Report how many lines of the listing below include the word "moreover". Give nothing but the number.
----------------
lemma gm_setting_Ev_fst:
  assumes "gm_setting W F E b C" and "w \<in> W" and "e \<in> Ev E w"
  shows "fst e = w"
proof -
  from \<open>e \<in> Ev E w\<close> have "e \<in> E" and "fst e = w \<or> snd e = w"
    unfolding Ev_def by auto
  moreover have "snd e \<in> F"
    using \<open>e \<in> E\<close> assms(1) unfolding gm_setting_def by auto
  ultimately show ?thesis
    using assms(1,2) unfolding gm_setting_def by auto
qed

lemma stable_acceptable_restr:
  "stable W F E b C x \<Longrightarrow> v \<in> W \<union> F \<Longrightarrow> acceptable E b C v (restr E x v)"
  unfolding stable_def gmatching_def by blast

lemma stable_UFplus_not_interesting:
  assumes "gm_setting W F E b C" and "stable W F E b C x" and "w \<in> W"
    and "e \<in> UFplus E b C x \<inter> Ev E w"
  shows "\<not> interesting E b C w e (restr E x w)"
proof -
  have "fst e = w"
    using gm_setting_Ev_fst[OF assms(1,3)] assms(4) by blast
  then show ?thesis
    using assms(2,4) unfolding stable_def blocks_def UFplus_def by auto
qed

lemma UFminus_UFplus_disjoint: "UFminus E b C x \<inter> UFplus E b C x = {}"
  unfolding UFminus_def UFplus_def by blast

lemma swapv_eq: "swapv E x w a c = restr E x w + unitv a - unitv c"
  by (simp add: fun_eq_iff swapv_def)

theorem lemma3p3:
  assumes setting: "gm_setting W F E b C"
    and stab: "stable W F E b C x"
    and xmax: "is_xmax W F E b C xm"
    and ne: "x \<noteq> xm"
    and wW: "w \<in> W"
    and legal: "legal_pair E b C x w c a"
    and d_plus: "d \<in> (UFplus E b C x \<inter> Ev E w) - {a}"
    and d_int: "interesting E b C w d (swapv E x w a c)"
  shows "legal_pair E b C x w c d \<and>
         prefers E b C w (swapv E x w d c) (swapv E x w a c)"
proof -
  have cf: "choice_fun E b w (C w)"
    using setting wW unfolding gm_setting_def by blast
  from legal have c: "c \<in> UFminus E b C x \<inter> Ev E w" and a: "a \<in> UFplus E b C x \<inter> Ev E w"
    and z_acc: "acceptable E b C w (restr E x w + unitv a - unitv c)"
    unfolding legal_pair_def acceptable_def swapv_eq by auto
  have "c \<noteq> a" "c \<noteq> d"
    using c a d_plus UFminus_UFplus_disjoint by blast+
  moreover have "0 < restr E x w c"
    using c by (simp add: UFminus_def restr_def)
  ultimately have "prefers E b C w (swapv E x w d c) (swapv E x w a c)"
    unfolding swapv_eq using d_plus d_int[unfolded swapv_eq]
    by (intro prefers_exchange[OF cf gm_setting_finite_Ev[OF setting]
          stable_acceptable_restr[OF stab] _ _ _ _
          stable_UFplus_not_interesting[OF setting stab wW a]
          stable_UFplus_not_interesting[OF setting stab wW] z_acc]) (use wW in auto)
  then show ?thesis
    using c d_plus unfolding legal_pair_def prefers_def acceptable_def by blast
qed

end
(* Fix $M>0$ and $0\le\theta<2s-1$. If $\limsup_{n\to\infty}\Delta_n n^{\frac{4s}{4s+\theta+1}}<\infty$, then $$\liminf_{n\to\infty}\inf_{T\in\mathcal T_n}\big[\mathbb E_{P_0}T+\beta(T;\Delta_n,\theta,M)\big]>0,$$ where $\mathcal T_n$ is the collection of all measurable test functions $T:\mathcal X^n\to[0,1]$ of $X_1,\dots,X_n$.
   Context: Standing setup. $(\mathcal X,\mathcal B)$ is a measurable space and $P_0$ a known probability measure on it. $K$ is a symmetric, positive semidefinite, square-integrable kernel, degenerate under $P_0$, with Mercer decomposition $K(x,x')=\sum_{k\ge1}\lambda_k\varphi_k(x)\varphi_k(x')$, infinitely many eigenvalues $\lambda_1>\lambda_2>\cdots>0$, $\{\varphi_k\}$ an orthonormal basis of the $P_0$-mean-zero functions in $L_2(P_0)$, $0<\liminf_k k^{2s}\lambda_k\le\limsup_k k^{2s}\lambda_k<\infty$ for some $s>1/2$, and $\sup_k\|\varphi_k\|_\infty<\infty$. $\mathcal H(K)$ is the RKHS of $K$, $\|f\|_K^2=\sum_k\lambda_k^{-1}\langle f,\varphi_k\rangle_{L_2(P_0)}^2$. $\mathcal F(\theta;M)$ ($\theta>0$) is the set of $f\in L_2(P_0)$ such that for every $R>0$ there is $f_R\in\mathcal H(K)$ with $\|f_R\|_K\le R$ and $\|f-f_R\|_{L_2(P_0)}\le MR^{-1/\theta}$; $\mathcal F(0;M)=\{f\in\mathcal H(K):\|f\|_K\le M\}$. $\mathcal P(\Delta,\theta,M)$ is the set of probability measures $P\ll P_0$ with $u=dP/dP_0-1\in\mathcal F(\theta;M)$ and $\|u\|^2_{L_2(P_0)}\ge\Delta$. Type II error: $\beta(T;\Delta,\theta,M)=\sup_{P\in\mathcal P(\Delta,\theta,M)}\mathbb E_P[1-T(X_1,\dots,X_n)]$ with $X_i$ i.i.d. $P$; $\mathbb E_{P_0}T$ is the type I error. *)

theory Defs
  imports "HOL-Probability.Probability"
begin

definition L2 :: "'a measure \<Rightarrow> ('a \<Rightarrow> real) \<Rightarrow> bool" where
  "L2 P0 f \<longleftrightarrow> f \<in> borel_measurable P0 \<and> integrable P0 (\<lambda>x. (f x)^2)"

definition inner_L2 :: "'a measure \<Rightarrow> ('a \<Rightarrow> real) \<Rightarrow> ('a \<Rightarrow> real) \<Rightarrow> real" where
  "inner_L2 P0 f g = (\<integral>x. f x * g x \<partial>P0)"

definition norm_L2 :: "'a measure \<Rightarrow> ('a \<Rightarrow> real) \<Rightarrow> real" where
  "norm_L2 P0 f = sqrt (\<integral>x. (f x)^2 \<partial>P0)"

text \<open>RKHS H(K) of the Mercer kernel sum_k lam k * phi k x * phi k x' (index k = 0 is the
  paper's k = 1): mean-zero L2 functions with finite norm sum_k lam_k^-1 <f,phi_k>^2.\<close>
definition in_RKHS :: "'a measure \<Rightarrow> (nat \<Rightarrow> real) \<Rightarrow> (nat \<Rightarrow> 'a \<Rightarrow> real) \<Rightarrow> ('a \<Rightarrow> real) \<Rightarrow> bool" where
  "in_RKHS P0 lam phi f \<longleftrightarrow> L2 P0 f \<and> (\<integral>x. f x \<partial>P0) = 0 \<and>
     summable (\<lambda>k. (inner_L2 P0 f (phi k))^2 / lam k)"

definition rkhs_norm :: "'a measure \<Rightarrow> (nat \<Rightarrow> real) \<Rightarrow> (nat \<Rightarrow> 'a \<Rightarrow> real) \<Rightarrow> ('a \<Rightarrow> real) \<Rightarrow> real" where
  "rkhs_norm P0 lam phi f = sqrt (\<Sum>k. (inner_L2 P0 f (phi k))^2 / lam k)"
----------------
Result of this task
2